> [Task statement]
Write out again, exactly, the lines below starting at the one with "S Irel e (Eq" and ending at the one with "text \<open>The monster".

(Saved data entries)

▬▬▬▬▬▬▬▬▬▬

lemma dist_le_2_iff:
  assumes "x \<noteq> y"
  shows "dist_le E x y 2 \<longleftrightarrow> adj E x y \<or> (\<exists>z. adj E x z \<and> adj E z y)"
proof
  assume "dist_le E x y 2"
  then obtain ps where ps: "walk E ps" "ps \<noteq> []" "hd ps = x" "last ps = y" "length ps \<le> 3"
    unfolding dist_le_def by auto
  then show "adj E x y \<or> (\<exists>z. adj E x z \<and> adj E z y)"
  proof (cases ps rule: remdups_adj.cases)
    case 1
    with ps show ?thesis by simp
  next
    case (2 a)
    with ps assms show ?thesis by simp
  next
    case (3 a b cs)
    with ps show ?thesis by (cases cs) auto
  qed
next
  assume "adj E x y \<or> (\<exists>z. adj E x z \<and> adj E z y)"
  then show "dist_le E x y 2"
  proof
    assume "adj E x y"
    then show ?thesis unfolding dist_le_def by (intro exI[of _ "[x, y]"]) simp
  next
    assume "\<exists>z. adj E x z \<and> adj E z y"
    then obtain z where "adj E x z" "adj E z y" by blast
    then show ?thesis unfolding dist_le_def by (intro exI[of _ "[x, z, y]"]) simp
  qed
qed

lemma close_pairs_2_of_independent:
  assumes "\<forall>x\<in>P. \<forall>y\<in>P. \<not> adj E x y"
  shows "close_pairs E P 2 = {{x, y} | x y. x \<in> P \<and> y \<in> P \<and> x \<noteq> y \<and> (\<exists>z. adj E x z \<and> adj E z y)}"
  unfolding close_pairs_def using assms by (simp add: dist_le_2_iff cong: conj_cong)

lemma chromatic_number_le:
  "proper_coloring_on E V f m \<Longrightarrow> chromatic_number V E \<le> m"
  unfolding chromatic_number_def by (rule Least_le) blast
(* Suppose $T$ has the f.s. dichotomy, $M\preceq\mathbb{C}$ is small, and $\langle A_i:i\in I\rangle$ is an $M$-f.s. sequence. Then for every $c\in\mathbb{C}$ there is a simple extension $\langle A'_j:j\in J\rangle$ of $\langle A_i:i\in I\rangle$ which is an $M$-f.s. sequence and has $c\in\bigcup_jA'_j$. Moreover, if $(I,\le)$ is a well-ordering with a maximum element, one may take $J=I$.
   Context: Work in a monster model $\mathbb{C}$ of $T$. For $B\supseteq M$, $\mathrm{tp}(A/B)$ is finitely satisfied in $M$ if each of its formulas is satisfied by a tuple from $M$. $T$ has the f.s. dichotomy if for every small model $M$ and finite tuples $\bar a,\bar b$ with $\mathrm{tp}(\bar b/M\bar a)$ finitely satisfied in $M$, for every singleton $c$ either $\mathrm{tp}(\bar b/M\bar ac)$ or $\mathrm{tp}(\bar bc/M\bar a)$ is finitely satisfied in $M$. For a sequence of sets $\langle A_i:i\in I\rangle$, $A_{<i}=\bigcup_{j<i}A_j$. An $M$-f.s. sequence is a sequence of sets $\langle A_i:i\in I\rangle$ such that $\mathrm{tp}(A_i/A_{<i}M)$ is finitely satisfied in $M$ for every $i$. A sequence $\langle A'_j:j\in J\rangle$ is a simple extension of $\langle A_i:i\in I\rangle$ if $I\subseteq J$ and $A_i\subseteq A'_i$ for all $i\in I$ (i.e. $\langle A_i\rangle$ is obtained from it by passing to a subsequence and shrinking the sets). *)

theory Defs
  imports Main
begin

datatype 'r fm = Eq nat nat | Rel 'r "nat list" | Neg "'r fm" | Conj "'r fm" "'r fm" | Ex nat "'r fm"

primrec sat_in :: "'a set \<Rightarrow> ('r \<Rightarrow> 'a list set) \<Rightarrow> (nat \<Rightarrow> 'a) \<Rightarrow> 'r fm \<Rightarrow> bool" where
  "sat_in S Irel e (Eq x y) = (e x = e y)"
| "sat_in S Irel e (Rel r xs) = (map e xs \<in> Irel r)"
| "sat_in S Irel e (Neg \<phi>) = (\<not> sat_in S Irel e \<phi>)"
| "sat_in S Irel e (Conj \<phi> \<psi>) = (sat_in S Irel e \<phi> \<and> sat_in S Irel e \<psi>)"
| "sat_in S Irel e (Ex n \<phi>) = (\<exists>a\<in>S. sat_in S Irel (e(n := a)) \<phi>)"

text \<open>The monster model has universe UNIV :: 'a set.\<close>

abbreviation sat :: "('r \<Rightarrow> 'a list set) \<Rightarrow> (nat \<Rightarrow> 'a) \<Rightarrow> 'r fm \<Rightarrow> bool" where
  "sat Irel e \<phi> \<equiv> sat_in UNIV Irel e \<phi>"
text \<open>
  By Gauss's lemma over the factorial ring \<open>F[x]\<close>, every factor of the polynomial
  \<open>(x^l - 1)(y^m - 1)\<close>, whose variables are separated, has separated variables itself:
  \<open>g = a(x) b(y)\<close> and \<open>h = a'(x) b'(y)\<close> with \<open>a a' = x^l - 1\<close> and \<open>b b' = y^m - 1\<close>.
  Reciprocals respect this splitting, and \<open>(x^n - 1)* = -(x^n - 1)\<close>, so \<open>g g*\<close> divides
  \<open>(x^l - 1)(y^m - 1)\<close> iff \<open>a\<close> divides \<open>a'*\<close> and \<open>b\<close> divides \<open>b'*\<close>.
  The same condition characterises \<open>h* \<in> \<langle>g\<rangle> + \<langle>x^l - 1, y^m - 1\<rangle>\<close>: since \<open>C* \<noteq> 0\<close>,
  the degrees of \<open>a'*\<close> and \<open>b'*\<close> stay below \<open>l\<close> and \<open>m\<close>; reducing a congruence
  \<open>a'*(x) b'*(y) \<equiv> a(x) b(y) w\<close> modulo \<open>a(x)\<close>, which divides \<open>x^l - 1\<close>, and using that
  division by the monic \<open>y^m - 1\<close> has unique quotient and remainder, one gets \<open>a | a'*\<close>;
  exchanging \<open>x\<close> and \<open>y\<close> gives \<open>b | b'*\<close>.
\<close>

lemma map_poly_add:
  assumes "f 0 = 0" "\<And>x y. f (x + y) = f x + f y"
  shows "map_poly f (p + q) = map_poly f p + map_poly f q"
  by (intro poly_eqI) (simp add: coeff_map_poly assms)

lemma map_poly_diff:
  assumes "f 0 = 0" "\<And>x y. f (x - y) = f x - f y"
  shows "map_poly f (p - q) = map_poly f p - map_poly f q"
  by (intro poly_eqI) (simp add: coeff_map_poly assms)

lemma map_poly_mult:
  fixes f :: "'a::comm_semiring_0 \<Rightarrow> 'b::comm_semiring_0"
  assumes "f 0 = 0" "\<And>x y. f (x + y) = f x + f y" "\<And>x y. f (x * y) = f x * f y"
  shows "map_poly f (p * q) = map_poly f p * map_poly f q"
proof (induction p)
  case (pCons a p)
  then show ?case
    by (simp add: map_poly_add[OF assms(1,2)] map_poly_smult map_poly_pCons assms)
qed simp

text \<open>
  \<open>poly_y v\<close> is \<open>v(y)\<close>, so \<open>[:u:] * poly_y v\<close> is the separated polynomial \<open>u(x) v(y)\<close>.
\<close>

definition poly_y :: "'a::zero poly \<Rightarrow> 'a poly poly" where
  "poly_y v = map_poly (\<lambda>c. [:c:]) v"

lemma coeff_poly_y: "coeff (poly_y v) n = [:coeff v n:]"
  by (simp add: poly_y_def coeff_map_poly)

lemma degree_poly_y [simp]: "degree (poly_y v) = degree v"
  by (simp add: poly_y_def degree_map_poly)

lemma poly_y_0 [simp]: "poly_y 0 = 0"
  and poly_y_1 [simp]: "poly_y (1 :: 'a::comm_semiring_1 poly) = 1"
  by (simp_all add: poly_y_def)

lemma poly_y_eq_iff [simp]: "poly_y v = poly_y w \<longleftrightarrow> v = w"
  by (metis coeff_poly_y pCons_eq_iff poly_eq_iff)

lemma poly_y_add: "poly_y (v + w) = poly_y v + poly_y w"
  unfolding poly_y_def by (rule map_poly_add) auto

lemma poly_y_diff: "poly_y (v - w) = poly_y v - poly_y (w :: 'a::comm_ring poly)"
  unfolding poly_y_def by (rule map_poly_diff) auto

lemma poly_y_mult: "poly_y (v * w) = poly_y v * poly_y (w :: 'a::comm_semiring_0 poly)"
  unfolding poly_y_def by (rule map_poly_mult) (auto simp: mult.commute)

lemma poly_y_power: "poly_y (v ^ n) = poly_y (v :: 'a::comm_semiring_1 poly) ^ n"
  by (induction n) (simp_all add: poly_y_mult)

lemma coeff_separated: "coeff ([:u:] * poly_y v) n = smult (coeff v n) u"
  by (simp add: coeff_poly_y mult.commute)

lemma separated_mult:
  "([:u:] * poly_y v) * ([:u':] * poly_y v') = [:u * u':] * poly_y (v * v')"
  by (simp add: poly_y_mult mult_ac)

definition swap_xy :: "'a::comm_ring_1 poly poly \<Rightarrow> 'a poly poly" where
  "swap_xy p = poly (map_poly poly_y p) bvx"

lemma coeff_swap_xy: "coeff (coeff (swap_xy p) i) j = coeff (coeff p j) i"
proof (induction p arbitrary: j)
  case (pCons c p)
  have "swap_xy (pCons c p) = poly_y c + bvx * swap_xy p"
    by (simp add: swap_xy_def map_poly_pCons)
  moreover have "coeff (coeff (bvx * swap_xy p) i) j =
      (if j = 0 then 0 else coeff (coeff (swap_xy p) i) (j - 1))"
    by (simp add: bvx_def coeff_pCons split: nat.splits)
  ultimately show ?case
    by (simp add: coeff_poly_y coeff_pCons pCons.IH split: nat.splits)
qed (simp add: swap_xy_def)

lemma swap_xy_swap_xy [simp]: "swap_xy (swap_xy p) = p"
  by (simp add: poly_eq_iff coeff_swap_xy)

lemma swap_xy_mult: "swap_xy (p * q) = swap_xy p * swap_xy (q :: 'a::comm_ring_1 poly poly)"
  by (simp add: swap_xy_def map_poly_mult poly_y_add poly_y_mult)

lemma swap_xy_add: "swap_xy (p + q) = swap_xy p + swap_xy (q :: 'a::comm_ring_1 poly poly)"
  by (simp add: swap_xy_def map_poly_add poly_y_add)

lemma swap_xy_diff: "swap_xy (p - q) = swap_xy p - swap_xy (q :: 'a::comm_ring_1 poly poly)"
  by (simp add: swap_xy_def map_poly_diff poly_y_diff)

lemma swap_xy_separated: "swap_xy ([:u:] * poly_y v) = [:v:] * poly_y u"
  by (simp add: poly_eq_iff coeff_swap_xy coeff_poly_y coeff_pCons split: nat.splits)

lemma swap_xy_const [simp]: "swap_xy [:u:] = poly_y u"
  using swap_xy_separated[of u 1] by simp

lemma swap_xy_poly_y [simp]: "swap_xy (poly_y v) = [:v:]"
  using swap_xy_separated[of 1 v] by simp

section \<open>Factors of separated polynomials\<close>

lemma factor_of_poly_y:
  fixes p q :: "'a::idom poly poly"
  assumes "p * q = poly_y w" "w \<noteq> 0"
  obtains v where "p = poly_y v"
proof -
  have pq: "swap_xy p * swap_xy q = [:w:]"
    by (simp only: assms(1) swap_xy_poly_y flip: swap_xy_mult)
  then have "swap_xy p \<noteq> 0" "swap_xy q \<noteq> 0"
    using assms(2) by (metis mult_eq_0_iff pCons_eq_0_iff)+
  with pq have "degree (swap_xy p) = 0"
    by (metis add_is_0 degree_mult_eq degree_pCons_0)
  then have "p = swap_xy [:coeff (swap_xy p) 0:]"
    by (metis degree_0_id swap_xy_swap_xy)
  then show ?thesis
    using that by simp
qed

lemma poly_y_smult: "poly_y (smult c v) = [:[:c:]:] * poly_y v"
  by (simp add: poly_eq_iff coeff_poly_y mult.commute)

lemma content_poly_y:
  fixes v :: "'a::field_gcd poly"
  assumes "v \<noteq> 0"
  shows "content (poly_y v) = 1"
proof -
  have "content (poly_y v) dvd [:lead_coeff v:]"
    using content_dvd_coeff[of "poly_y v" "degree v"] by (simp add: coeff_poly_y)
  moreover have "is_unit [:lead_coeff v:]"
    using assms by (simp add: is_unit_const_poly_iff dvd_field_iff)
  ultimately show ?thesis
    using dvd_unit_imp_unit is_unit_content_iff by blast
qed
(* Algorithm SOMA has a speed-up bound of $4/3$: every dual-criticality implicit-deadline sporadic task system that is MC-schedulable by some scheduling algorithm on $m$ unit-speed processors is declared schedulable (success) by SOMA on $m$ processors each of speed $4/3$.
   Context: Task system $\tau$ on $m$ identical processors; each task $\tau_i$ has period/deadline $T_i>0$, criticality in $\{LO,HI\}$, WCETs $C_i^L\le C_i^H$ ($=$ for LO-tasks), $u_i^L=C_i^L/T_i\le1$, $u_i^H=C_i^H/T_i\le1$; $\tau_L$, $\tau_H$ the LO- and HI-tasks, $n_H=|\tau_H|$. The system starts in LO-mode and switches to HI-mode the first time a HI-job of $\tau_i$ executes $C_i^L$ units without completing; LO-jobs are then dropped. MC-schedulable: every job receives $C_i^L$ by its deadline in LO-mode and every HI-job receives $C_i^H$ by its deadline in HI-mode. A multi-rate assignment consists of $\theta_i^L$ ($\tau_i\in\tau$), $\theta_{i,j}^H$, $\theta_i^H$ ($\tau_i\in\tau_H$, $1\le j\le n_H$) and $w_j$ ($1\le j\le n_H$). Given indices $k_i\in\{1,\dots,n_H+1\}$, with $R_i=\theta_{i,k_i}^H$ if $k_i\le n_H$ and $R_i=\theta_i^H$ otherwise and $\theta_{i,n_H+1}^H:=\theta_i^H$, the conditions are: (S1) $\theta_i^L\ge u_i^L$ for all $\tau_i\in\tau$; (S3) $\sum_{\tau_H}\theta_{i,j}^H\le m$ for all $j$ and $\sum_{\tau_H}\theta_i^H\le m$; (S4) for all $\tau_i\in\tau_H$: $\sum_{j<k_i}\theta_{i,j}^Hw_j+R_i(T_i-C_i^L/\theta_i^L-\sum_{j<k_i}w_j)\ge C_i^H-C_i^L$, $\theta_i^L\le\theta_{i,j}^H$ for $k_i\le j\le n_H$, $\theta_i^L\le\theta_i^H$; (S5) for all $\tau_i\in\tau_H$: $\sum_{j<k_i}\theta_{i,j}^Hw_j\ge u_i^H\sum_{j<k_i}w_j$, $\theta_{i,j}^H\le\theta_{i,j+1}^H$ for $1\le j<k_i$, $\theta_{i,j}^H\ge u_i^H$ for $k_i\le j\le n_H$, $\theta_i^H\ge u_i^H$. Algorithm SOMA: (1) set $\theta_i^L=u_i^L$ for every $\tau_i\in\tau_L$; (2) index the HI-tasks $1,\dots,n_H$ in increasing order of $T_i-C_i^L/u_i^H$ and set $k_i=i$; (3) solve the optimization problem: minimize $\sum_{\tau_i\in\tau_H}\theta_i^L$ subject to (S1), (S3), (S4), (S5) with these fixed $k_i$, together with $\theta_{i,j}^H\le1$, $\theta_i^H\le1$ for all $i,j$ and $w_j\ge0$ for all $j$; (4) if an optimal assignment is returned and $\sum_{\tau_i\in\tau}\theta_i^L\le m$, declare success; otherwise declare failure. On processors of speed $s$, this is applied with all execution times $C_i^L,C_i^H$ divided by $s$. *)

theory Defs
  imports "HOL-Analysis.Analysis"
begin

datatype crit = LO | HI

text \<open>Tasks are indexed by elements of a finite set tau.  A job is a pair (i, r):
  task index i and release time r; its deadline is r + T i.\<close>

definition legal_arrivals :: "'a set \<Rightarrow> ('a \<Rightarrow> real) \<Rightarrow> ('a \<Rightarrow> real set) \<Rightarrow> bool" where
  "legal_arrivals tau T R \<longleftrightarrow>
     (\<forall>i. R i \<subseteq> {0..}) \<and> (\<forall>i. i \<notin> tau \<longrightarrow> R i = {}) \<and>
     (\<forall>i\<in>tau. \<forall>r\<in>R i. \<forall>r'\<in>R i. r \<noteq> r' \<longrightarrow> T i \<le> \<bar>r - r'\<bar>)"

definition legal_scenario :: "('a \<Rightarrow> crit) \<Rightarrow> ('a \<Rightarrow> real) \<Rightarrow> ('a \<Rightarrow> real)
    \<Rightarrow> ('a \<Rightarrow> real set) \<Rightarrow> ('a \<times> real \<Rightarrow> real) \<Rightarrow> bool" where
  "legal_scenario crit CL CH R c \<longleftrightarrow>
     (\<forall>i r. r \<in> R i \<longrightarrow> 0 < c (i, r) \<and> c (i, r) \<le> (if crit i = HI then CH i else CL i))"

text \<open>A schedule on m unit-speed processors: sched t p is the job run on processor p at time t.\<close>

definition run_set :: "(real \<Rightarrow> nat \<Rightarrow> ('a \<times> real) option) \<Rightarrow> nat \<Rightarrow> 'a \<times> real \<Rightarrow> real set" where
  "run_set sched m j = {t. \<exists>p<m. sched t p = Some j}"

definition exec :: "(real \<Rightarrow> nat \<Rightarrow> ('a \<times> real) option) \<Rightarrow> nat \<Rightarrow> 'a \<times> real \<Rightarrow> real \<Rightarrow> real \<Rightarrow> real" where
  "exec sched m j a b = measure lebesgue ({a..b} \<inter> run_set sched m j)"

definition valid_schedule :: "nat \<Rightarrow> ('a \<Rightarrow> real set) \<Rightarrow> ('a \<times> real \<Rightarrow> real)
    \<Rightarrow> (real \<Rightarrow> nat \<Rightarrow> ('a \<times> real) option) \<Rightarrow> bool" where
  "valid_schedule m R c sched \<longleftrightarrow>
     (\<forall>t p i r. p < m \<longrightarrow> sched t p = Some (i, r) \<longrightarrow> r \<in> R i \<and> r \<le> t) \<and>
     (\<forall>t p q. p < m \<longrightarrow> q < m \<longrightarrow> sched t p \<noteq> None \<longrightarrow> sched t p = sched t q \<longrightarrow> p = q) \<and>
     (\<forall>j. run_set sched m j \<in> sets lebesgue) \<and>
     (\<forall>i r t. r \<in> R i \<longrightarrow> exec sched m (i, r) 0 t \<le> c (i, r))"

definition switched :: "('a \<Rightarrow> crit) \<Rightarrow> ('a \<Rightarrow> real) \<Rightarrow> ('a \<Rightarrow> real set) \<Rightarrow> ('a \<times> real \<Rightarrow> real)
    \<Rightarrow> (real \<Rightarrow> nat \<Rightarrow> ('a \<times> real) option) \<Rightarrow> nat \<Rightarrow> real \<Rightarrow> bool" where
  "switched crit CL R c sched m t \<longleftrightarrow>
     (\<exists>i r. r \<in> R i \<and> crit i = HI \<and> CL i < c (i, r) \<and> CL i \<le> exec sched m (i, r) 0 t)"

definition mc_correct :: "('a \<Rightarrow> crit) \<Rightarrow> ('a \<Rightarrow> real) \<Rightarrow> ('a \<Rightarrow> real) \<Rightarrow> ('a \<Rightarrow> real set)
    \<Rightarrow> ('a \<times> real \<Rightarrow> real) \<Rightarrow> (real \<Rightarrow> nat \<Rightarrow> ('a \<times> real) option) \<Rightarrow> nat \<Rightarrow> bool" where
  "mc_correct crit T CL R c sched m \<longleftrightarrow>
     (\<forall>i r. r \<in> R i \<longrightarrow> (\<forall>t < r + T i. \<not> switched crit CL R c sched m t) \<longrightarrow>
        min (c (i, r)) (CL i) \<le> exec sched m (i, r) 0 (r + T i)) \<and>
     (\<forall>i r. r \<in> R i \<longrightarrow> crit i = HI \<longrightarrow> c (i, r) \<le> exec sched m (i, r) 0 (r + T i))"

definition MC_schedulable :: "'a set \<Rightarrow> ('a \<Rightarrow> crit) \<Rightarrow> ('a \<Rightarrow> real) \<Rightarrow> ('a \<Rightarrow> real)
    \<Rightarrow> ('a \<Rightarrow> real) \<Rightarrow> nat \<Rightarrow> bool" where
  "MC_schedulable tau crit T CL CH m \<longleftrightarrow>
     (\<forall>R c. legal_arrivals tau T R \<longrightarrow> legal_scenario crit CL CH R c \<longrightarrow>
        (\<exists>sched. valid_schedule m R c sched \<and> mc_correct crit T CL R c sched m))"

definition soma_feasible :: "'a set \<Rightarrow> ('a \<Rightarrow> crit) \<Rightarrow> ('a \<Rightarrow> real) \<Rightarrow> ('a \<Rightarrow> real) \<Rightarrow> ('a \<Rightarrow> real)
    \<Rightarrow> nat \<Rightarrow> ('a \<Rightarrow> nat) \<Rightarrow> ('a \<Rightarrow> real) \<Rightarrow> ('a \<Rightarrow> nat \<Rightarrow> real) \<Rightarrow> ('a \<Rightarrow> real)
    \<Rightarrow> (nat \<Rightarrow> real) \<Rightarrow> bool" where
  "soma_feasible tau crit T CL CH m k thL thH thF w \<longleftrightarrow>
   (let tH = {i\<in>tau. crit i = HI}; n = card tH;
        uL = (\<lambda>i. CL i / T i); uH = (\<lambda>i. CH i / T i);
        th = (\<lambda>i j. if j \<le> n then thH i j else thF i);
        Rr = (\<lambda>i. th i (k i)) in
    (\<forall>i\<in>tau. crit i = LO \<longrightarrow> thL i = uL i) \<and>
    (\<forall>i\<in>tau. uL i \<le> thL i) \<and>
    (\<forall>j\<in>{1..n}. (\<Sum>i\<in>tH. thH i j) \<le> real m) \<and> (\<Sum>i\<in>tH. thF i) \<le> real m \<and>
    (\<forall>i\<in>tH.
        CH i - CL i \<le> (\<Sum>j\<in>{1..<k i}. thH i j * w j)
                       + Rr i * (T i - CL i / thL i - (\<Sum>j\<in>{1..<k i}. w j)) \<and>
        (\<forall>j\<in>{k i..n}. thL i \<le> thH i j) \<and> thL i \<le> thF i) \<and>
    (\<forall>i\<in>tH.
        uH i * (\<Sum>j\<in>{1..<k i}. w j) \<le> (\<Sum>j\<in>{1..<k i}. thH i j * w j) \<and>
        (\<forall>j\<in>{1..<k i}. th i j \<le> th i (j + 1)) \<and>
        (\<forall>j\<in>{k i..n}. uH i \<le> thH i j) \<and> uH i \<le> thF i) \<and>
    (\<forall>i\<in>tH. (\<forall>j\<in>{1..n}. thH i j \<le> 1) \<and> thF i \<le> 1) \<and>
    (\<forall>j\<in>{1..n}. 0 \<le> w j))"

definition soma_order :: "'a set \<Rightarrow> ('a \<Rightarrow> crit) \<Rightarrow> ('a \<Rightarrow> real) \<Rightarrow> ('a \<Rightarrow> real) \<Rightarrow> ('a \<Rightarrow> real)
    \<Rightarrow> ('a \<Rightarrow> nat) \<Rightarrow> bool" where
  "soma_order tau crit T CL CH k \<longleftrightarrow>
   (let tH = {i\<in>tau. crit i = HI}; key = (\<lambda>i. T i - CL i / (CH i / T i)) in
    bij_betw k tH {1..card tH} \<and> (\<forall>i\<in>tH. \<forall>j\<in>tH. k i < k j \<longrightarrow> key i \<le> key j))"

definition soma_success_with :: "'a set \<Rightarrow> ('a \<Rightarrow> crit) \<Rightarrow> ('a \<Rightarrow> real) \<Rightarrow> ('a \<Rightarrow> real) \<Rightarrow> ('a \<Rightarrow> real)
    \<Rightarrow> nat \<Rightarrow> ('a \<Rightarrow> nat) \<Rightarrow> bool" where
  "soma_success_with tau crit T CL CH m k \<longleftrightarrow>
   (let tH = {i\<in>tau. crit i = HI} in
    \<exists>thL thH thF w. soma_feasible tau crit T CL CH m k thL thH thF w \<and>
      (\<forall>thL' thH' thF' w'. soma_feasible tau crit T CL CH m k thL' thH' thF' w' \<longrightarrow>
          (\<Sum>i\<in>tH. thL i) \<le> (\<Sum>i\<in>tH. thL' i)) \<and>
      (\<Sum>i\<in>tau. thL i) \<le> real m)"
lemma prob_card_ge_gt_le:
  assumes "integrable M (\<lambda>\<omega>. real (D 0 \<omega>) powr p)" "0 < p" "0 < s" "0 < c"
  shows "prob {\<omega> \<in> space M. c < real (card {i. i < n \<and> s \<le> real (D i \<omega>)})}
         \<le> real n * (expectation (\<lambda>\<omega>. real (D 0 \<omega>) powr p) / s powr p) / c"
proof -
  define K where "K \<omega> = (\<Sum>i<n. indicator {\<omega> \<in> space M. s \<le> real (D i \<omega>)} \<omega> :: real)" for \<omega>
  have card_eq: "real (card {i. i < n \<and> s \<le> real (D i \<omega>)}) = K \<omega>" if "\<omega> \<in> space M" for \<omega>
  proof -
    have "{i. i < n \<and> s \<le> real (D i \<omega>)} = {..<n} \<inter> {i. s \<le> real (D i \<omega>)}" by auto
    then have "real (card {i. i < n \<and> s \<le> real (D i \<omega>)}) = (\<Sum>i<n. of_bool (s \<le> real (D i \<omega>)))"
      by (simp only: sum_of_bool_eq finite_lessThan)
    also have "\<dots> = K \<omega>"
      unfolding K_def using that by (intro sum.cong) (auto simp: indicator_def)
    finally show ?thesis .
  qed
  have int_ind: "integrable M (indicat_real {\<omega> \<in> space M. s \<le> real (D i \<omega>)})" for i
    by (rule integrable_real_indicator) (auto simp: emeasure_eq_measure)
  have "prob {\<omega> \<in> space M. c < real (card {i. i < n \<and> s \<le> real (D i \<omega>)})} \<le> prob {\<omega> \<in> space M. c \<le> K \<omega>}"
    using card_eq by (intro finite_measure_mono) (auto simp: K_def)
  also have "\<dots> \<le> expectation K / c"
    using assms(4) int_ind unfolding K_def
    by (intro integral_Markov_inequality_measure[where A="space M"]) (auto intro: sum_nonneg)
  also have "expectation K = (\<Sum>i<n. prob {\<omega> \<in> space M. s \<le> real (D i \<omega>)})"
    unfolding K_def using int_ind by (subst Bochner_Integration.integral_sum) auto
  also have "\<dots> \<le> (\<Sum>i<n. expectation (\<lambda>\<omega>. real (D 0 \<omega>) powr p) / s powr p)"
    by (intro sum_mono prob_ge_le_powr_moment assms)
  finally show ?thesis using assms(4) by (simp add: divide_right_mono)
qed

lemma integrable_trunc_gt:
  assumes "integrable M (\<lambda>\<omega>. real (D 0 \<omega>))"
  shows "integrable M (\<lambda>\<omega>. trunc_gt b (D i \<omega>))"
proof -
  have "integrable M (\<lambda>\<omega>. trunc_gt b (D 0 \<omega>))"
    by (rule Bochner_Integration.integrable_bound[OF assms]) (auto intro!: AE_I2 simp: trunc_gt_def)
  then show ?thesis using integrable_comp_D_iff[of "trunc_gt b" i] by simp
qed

▬▬▬▬▬▬▬▬▬▬

> [Exercise answer]
  "sat_in S Irel e (Eq x y) = (e x = e y)"
| "sat_in S Irel e (Rel r xs) = (map e xs \<in> Irel r)"
| "sat_in S Irel e (Neg \<phi>) = (\<not> sat_in S Irel e \<phi>)"
| "sat_in S Irel e (Conj \<phi> \<psi>) = (sat_in S Irel e \<phi> \<and> sat_in S Irel e \<psi>)"
| "sat_in S Irel e (Ex n \<phi>) = (\<exists>a\<in>S. sat_in S Irel (e(n := a)) \<phi>)"

text \<open>The monster model has universe UNIV :: 'a set.\<close>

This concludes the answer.